Wertheim and I are co-founders of the Quincy Institute for Responsible Statecraft, a small Washington, D.C.-based think tank. That Quincy refers to John Quincy Adams who, as secretary of state nearly two centuries ago, warned his fellow citizens against venturing abroad “in search of monsters to destroy.” Were the United States to do so, Adams predicted, its defining trait — its very essence — “would insensibly change from liberty to force.” By resorting to force, America “might become the dictatress of the world,” he wrote, but “she would be no longer the ruler of her own spirit.” While his gendered punchline might rankle contemporary sensibilities, it remains apt.

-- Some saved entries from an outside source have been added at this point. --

lemma nn_integral_quad_coeff_sq_le_twisted_conv:
  "(\<integral>\<^sup>+n. ennreal ((cmod (quad_coeff F n m * quad_coeff G n m))\<^sup>2) \<partial>count_space UNIV)
     \<le> 2 * (\<integral>\<^sup>+u. ennreal ((cmod (twisted_conv F G m u))\<^sup>2) \<partial>lborel)"
proof (rule nn_integral_count_space_int_le)
  fix M :: "int set"
  assume "finite M"
  then have "ennreal (\<Sum>n\<in>M. (cmod (quad_coeff F n m * quad_coeff G n m))\<^sup>2)
      \<le> ennreal (2 * (LINT u|lborel. (cmod (twisted_conv F G m u))\<^sup>2))"
    by (intro ennreal_leI sum_quad_coeff_sq_le)
  then show "(\<Sum>n\<in>M. ennreal ((cmod (quad_coeff F n m * quad_coeff G n m))\<^sup>2))
      \<le> 2 * (\<integral>\<^sup>+u. ennreal ((cmod (twisted_conv F G m u))\<^sup>2) \<partial>lborel)"
    by (simp add: ennreal_mult nn_integral_eq_integral integrable_twisted_conv_sq)
qed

A privileged man of his times, Adams took it for granted that a WASP male elite was meant to run the country. Women were to occupy their own separate sphere. And while he would eventually become an ardent opponent of slavery, in 1821 race did not rank high on his agenda either. His immediate priority as secretary of state was to situate the young republic globally so that Americans might enjoy both safety and prosperity. That meant avoiding unnecessary trouble. We had already had our revolution. In his view, it wasn’t this country’s purpose to promote revolution elsewhere or to dictate history’s future course.
Adams was to secretaries of state what Tom Brady is to NFL quarterbacks: the Greatest Of All Time. As the consensus GOAT in the estimation of diplomatic historians, he brought to maturity a pragmatic tradition of statecraft originated by a prior generation of New Englanders and various slaveholding Virginians with names like Washington, Jefferson, and Madison. That tradition emphasized opportunistically ruthless expansionism on this continent, avid commercial engagement, and the avoidance of great power rivalries abroad. Adhering to such a template, the United States had, by the beginning of the twentieth century, become the wealthiest, most secure nation on the planet — at which point Europeans spoiled the party.

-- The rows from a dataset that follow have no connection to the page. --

(* Let $d\ge1$, $0<\lambda\le\Lambda$, $\gamma>0$, and fix $\alpha\in(0,\alpha_0)\cap\left(0,\frac1{1+\gamma}\right]$. Let $0<\rho_0<1/2$ and $\epsilon_0>0$ be the constants (depending only on $d,\lambda,\Lambda,\gamma,\alpha$) with the property: for every $\vec q\in\mathbb{R}^d$, every $(\lambda,\Lambda)$-elliptic $F$ with $F(X,0)=0$, every $f\in L^\infty(B_1)$ with $\sup_{M\neq0}\|M\|^{-1}\|F(\cdot,M)-F(0,M)\|_{L^\infty(B_1)}+\|f\|_{L^\infty(B_1)}\le\epsilon_0$, and every viscosity solution $u\in C(B_1)$, $|u|\le1$, of $|\vec q+\nabla u|^\gamma F(X,D^2u)=f$ in $B_1$, there is an affine $\ell(X)=a+\vec b\cdot X$ with $|a|+|\vec b|\le C(d,\lambda,\Lambda)$ and $\sup_{B_{\rho_0}}|u-\ell|\le\rho_0^{1+\alpha}$. Now let $\vec q$, $F$, $f$, $u$ satisfy these same hypotheses. Then there exists a sequence of affine functions $\ell_k(X)=a_k+\vec b_k\cdot X$, $k\ge1$, such that $$|a_{k+1}-a_k|+\rho_0^k|\vec b_{k+1}-\vec b_k|\le C_0\,\rho_0^{(1+\alpha)k}$$ and $$\sup_{B_{\rho_0^k}}|u(X)-\ell_k(X)|\le\rho_0^{k(1+\alpha)},$$ where $C_0$ is a constant depending only on $d,\lambda,\Lambda$.
   Context: $(\lambda,\Lambda)$-elliptic means $\lambda\|P\|\le F(X,M+P)-F(X,M)\le\Lambda\|P\|$ for all $X\in B_1$, $M\in\mathrm{Sym}(d)$, $P\ge0$. $\alpha_0=\alpha_0(d,\lambda,\Lambda)\in(0,1)$ is the optimal universal Hölder exponent of the gradient for viscosity solutions of constant coefficient homogeneous $(\lambda,\Lambda)$-elliptic equations $\mathfrak F(D^2h)=0$. *)

theory Defs
  imports "HOL-Analysis.Analysis"
begin

definition mnorm :: "real^'n^'n \<Rightarrow> real" where
  "mnorm M = onorm (\<lambda>x. M *v x)"

definition sym_mat :: "real^'n^'n \<Rightarrow> bool" where
  "sym_mat M \<longleftrightarrow> transpose M = M"

definition psd_mat :: "real^'n^'n \<Rightarrow> bool" where
  "psd_mat P \<longleftrightarrow> (\<forall>x. 0 \<le> x \<bullet> (P *v x))"

definition unif_elliptic ::
  "real \<Rightarrow> real \<Rightarrow> (real^'n \<Rightarrow> real^'n^'n \<Rightarrow> real) \<Rightarrow> (real^'n) set \<Rightarrow> bool" where
  "unif_elliptic lam Lam F S \<longleftrightarrow>
     (\<forall>X\<in>S. \<forall>M P. sym_mat M \<and> sym_mat P \<and> psd_mat P \<longrightarrow>
        lam * mnorm P \<le> F X (M + P) - F X M \<and> F X (M + P) - F X M \<le> Lam * mnorm P)"

definition C2_on ::
  "(real^'n \<Rightarrow> real) \<Rightarrow> (real^'n \<Rightarrow> real^'n) \<Rightarrow> (real^'n \<Rightarrow> real^'n^'n) \<Rightarrow> (real^'n) set \<Rightarrow> bool" where
  "C2_on \<phi> g H S \<longleftrightarrow>
     (\<forall>y\<in>S. (\<phi> has_derivative (\<lambda>v. g y \<bullet> v)) (at y) \<and> (g has_derivative (\<lambda>v. H y *v v)) (at y))
     \<and> continuous_on S H"

text \<open>C-viscosity sub/supersolutions of G(X, Du, D^2u) = 0 in the open set S.\<close>
definition visc_sub ::
  "(real^'n \<Rightarrow> real^'n \<Rightarrow> real^'n^'n \<Rightarrow> real) \<Rightarrow> (real^'n \<Rightarrow> real) \<Rightarrow> (real^'n) set \<Rightarrow> bool" where
  "visc_sub G u S \<longleftrightarrow>
     (\<forall>x0\<in>S. \<forall>\<phi> g H r. 0 < r \<and> ball x0 r \<subseteq> S \<and> C2_on \<phi> g H (ball x0 r)
        \<and> (\<forall>y\<in>ball x0 r. u y - \<phi> y \<le> u x0 - \<phi> x0) \<longrightarrow> 0 \<le> G x0 (g x0) (H x0))"

definition visc_super ::
  "(real^'n \<Rightarrow> real^'n \<Rightarrow> real^'n^'n \<Rightarrow> real) \<Rightarrow> (real^'n \<Rightarrow> real) \<Rightarrow> (real^'n) set \<Rightarrow> bool" where
  "visc_super G u S \<longleftrightarrow>
     (\<forall>x0\<in>S. \<forall>\<phi> g H r. 0 < r \<and> ball x0 r \<subseteq> S \<and> C2_on \<phi> g H (ball x0 r)
        \<and> (\<forall>y\<in>ball x0 r. u y - \<phi> y \<ge> u x0 - \<phi> x0) \<longrightarrow> G x0 (g x0) (H x0) \<le> 0)"

definition visc_solution ::
  "(real^'n \<Rightarrow> real^'n \<Rightarrow> real^'n^'n \<Rightarrow> real) \<Rightarrow> (real^'n \<Rightarrow> real) \<Rightarrow> (real^'n) set \<Rightarrow> bool" where
  "visc_solution G u S \<longleftrightarrow> visc_sub G u S \<and> visc_super G u S"

text \<open>alpha_0(d,lambda,Lambda): optimal universal Hoelder exponent of the gradient for
  viscosity solutions of constant coefficient homogeneous elliptic equations.\<close>
definition alpha0 :: "'n::finite itself \<Rightarrow> real \<Rightarrow> real \<Rightarrow> real" where
  "alpha0 _ lam Lam = Sup {\<beta>. 0 < \<beta> \<and> \<beta> < 1 \<and>
     (\<exists>K. \<forall>(\<FF>::real^'n^'n \<Rightarrow> real) (h::real^'n \<Rightarrow> real).
        unif_elliptic lam Lam (\<lambda>X M. \<FF> M) (ball 0 1) \<and> \<FF> 0 = 0 \<and>
        continuous_on (ball 0 1) h \<and> (\<forall>X\<in>ball 0 1. \<bar>h X\<bar> \<le> 1) \<and>
        visc_solution (\<lambda>X p M. \<FF> M) h (ball 0 1) \<longrightarrow>
        (\<exists>g. (\<forall>x\<in>ball 0 (1/2). (h has_derivative (\<lambda>v. g x \<bullet> v)) (at x)) \<and>
             (\<forall>x\<in>ball 0 (1/2). \<forall>y\<in>ball 0 (1/2). norm (g x - g y) \<le> K * norm (x - y) powr \<beta>)))}"

definition hyp_class ::
  "real \<Rightarrow> real \<Rightarrow> real \<Rightarrow> real \<Rightarrow> real^'n \<Rightarrow> (real^'n \<Rightarrow> real^'n^'n \<Rightarrow> real)
   \<Rightarrow> (real^'n \<Rightarrow> real) \<Rightarrow> (real^'n \<Rightarrow> real) \<Rightarrow> bool" where
  "hyp_class lam Lam \<gamma> \<epsilon>0 q F f u \<longleftrightarrow>
     unif_elliptic lam Lam F (ball 0 1) \<and> (\<forall>X\<in>ball 0 1. F X 0 = 0) \<and>
     (\<exists>\<theta> \<eta>. (\<forall>M X. sym_mat M \<and> M \<noteq> 0 \<and> X \<in> ball 0 1 \<longrightarrow> \<bar>F X M - F 0 M\<bar> \<le> \<theta> * mnorm M)
            \<and> (\<forall>X\<in>ball 0 1. \<bar>f X\<bar> \<le> \<eta>) \<and> \<theta> + \<eta> \<le> \<epsilon>0) \<and>
     continuous_on (ball 0 1) u \<and> (\<forall>X\<in>ball 0 1. \<bar>u X\<bar> \<le> 1) \<and>
     visc_solution (\<lambda>X p M. norm (q + p) powr \<gamma> * F X M - f X) u (ball 0 1)"

definition step_property ::
  "'n::finite itself \<Rightarrow> real \<Rightarrow> real \<Rightarrow> real \<Rightarrow> real \<Rightarrow> real \<Rightarrow> real \<Rightarrow> real \<Rightarrow> bool" where
  "step_property _ lam Lam \<gamma> \<alpha> \<rho>0 \<epsilon>0 C \<longleftrightarrow>
     (\<forall>(q::real^'n) F f u. hyp_class lam Lam \<gamma> \<epsilon>0 q F f u \<longrightarrow>
        (\<exists>a b. \<bar>a\<bar> + norm b \<le> C \<and>
               (\<forall>X\<in>ball 0 \<rho>0. \<bar>u X - (a + b \<bullet> X)\<bar> \<le> \<rho>0 powr (1 + \<alpha>))))"

end

theory Submission
  imports Defs
begin

text \<open>If \<open>|u - l| \<le> \<rho>^(1+\<alpha>)\<close> on \<open>B_\<rho>\<close> for an affine \<open>l(X) = a + b\<bullet>X\<close>, the blow-up
  \<open>v(X) = (u(\<rho>X) - l(\<rho>X)) / \<rho>^(1+\<alpha>)\<close> solves an equation of the same class: the drift
  becomes \<open>\<rho>^-\<alpha> (q + b)\<close>, the operator \<open>\<rho>^(1-\<alpha>) F(\<rho>X, \<rho>^(\<alpha>-1) M)\<close> keeps its ellipticity and
  oscillation bound, and the right-hand side becomes \<open>\<rho>^(1-\<alpha>-\<alpha>\<gamma>) f(\<rho>X)\<close>, which is no larger
  because \<open>\<alpha>(1+\<gamma>) \<le> 1\<close>. Hence the one-step approximation applies to \<open>v\<close> again; iterating
  and undoing the rescalings, the affine function found at step \<open>k\<close> enters \<open>l_(k+1) - l_k\<close>
  scaled by \<open>\<rho>^((1+\<alpha>)k)\<close>.\<close>

lemma mnorm_scaleR: "mnorm (c *\<^sub>R M) = \<bar>c\<bar> * mnorm (M::real^'n^'n)"
proof -
  have "(\<lambda>x. (c *\<^sub>R M) *v x) = (\<lambda>x. c *\<^sub>R (M *v x))"
    by (simp add: scaleR_matrix_vector_assoc)
  then show ?thesis unfolding mnorm_def by (simp add: onorm_scaleR)
qed

lemma sym_mat_scaleR: "sym_mat M \<Longrightarrow> sym_mat (c *\<^sub>R (M::real^'n^'n))"
  unfolding sym_mat_def by (simp add: transpose_scalar)

lemma psd_mat_scaleR: "psd_mat P \<Longrightarrow> 0 \<le> c \<Longrightarrow> psd_mat (c *\<^sub>R (P::real^'n^'n))"
  unfolding psd_mat_def by (simp add: scaleR_matrix_vector_assoc[symmetric])

lemma matrix_vector_mult_uminus_left: "(- A) *v x = - ((A::'a::ring_1^'n^'m) *v x)"
  using matrix_vector_mult_diff_rdistrib[of 0 A x] by simp

lemma inverse_scaleR_mem_ball:
  fixes x y :: "'a::real_normed_vector"
  assumes "0 < r" "y \<in> ball (r *\<^sub>R x) (r * \<rho>)"
  shows "(1/r) *\<^sub>R y \<in> ball x \<rho>"
proof -
  have "r *\<^sub>R x - y = r *\<^sub>R (x - (1/r) *\<^sub>R y)" using assms by (simp add: algebra_simps)
  then have "dist (r *\<^sub>R x) y = r * dist x ((1/r) *\<^sub>R y)" using assms by (simp add: dist_norm)
  then show ?thesis using assms by simp
qed

lemma scaleR_mem_ball_0:
  fixes X :: "'a::real_normed_vector"
  assumes "0 < r" "X \<in> ball 0 1"
  shows "r *\<^sub>R X \<in> ball 0 r"
  using assms by simp

lemma scaleR_mem_unit_ball:
  fixes X :: "'a::real_normed_vector"
  assumes "0 < r" "r \<le> 1" "X \<in> ball 0 1"
  shows "r *\<^sub>R X \<in> ball 0 1"
  using scaleR_mem_ball_0[OF assms(1,3)] subset_ball[OF assms(2)] by blast

lemma ball_scaleR_subset_unit_ball:
  fixes X0 :: "'a::real_normed_vector"
  assumes "0 < r" "r \<le> 1" "ball X0 \<rho> \<subseteq> ball 0 1"
  shows "ball (r *\<^sub>R X0) (r * \<rho>) \<subseteq> ball 0 1"
proof
  fix y assume "y \<in> ball (r *\<^sub>R X0) (r * \<rho>)"
  then have "(1/r) *\<^sub>R y \<in> ball 0 1" using assms inverse_scaleR_mem_ball by blast
  then have "r *\<^sub>R ((1/r) *\<^sub>R y) \<in> ball 0 1" by (rule scaleR_mem_unit_ball[OF assms(1,2)])
  then show "y \<in> ball 0 1" using assms by simp
qed

lemma C2_on_affine_rescale:
  fixes \<phi> :: "real^'n \<Rightarrow> real"
  assumes C2: "C2_on \<phi> g H (ball X0 \<rho>)" and r: "0 < r"
  shows "C2_on (\<lambda>Y. a + b \<bullet> Y + s * \<phi> ((1/r) *\<^sub>R Y))
               (\<lambda>Y. b + (s/r) *\<^sub>R g ((1/r) *\<^sub>R Y))
               (\<lambda>Y. (s/(r*r)) *\<^sub>R H ((1/r) *\<^sub>R Y)) (ball (r *\<^sub>R X0) (r * \<rho>))"
  unfolding C2_on_def
proof (intro conjI ballI)
  have lin: "((\<lambda>Y. (1/r) *\<^sub>R Y) has_derivative (\<lambda>v. (1/r) *\<^sub>R v)) (at y)" for y :: "real^'n"
    by (intro derivative_eq_intros) auto
  fix y assume "y \<in> ball (r *\<^sub>R X0) (r * \<rho>)"
  then have "(1/r) *\<^sub>R y \<in> ball X0 \<rho>" using r inverse_scaleR_mem_ball by blast
  then have d1: "(\<phi> has_derivative (\<lambda>v. g ((1/r) *\<^sub>R y) \<bullet> v)) (at ((1/r) *\<^sub>R y))"
    and d2: "(g has_derivative (\<lambda>v. H ((1/r) *\<^sub>R y) *v v)) (at ((1/r) *\<^sub>R y))"
    using C2 unfolding C2_on_def by auto
  have "((\<lambda>Y. \<phi> ((1/r) *\<^sub>R Y)) has_derivative (\<lambda>v. g ((1/r) *\<^sub>R y) \<bullet> ((1/r) *\<^sub>R v))) (at y)"
    using diff_chain_at[OF lin d1] by (simp add: o_def)
  then have "((\<lambda>Y. a + b \<bullet> Y + s * \<phi> ((1/r) *\<^sub>R Y)) has_derivative
          (\<lambda>v. 0 + b \<bullet> v + s * (g ((1/r) *\<^sub>R y) \<bullet> ((1/r) *\<^sub>R v)))) (at y)"
    by (intro derivative_intros bounded_linear.has_derivative[OF bounded_linear_inner_right])
  then show "((\<lambda>Y. a + b \<bullet> Y + s * \<phi> ((1/r) *\<^sub>R Y)) has_derivative
          (\<lambda>v. (b + (s/r) *\<^sub>R g ((1/r) *\<^sub>R y)) \<bullet> v)) (at y)"
    by (rule has_derivative_eq_rhs) (auto simp: inner_add_left fun_eq_iff)
  have "((\<lambda>Y. g ((1/r) *\<^sub>R Y)) has_derivative (\<lambda>v. H ((1/r) *\<^sub>R y) *v ((1/r) *\<^sub>R v))) (at y)"
    using diff_chain_at[OF lin d2] by (simp add: o_def)
  then have "((\<lambda>Y. b + (s/r) *\<^sub>R g ((1/r) *\<^sub>R Y)) has_derivative
          (\<lambda>v. 0 + (s/r) *\<^sub>R (H ((1/r) *\<^sub>R y) *v ((1/r) *\<^sub>R v)))) (at y)"
    by (intro derivative_intros)
  then show "((\<lambda>Y. b + (s/r) *\<^sub>R g ((1/r) *\<^sub>R Y)) has_derivative
          (\<lambda>v. (s/(r*r)) *\<^sub>R H ((1/r) *\<^sub>R y) *v v)) (at y)"
    by (rule has_derivative_eq_rhs)
       (auto simp: fun_eq_iff scaleR_matrix_vector_assoc[symmetric] matrix_vector_mult_scaleR)
next
  have image: "(\<lambda>Y. (1/r) *\<^sub>R Y) ` ball (r *\<^sub>R X0) (r * \<rho>) \<subseteq> ball X0 \<rho>"
    using r inverse_scaleR_mem_ball by blast
  have "continuous_on (ball X0 \<rho>) H" using C2 unfolding C2_on_def by auto
  then have "continuous_on (ball (r *\<^sub>R X0) (r * \<rho>)) (\<lambda>Y. H ((1/r) *\<^sub>R Y))"
    by (rule continuous_on_compose2[OF _ _ image]) (intro continuous_intros)
  then show "continuous_on (ball (r *\<^sub>R X0) (r * \<rho>)) (\<lambda>Y. (s/(r*r)) *\<^sub>R H ((1/r) *\<^sub>R Y))"
    by (intro continuous_intros)
qed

The disastrous consequences of one European world war fought between 1914 and 1918 and the onset of a second in 1939 rendered that pragmatic tradition untenable — so at least a subsequent generation of WASPs concluded. This is where Wertheim takes up the story. Prompted by the German army’s lightning victory in the battle of France in May and June 1940, members of that WASP elite set about creating — and promoting — an alternative policy paradigm, one he describes as pursuing “dominance in the name of internationalism,” with U.S. military supremacy deemed “the prerequisite of a decent world.”
The new elite that devised this paradigm did not consist of lawyers from Massachusetts or planters from Virginia. Its key members held tenured positions at Yale and Princeton, wrote columns for leading New York newspapers, staffed Henry Luce’s Time-Life press empire, and distributed philanthropic largesse to fund worthy causes (grasping the baton of global primacy being anything but least among them). Most importantly, just about every member of this Eastern establishment cadre was also a member of the Council on Foreign Relations (CFR). As such, they had a direct line to the State Department, which in those days actually played a large role in formulating basic foreign policy.

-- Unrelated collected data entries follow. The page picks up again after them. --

(* The exponential generating function $T_1(z)=\sum_n T_{1,n}\frac{z^n}{n!}$ of vertex-labeled tree-child networks with exactly one reticulation vertex is \[ T_1(z)=\frac{z^3\left(1-\sqrt{1-2z^2}\,\right)}{(1-2z^2)^{3/2}}=z\frac{\tilde{a}_1(z^2)-\tilde{b}_1(z^2)\sqrt{1-2z^2}}{(1-2z^2)^{3/2}}, \] where $\tilde{a}_1(z)=\tilde{b}_1(z)=z$.
   Context: A phylogenetic network is a connected rooted directed acyclic graph whose vertices are: a root with in-degree 0 and out-degree 2 (unless the network is a single vertex); tree vertices with in-degree 1 and out-degree 2; reticulation vertices with in-degree 2 and out-degree 1; leaves with in-degree 1 and out-degree 0. A tree-child network is a phylogenetic network in which every non-leaf vertex has at least one child that is not a reticulation vertex (in particular no multiple edges). A vertex-labeled network with $n$ vertices has its vertices labeled by distinct labels $1,\dots,n$; $T_{1,n}$ is the number of such tree-child networks with $n$ vertices and one reticulation vertex. *)

theory Defs
  imports Complex_Main
begin

(* A vertex-labeled network is a simple directed graph: vertex set V, edge relation E \<subseteq> V \<times> V.
   Tree-child networks have no multiple edges, so a relation suffices. *)

definition indeg :: "('a \<times> 'a) set \<Rightarrow> 'a \<Rightarrow> nat" where
  "indeg E v = card {u. (u, v) \<in> E}"

definition outdeg :: "('a \<times> 'a) set \<Rightarrow> 'a \<Rightarrow> nat" where
  "outdeg E v = card {w. (v, w) \<in> E}"

definition is_reticulation :: "('a \<times> 'a) set \<Rightarrow> 'a \<Rightarrow> bool" where
  "is_reticulation E v \<longleftrightarrow> indeg E v = 2 \<and> outdeg E v = 1"

definition phylo_network :: "'a set \<Rightarrow> ('a \<times> 'a) set \<Rightarrow> bool" where
  "phylo_network V E \<longleftrightarrow>
     finite V \<and> E \<subseteq> V \<times> V \<and> acyclic E \<and>
     (\<exists>r\<in>V. (\<forall>v\<in>V. (r, v) \<in> E\<^sup>*) \<and>
        indeg E r = 0 \<and> (outdeg E r = 2 \<or> V = {r}) \<and>
        (\<forall>v\<in>V - {r}.
            (indeg E v = 1 \<and> outdeg E v = 2) \<or>
            (indeg E v = 2 \<and> outdeg E v = 1) \<or>
            (indeg E v = 1 \<and> outdeg E v = 0)))"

While Tomorrow, The World is not a long book — fewer than 200 pages of text — it is a tour de force. In it, Wertheim describes the new narrative framework that the foreign-policy elite formulated in the months following the fall of France. He shows how Americans with an antipathy for war now found themselves castigated as “isolationists,” a derogatory term created to suggest provincialism or selfishness. Those favoring armed intervention, meanwhile, became “internationalists,” a term connoting enlightenment and generosity. Even today, members of the foreign-policy establishment pledge undying fealty to the same narrative framework, which still warns against the bugaboo of “isolationism” that threatens to prevent high-minded policymakers from exercising “global leadership.”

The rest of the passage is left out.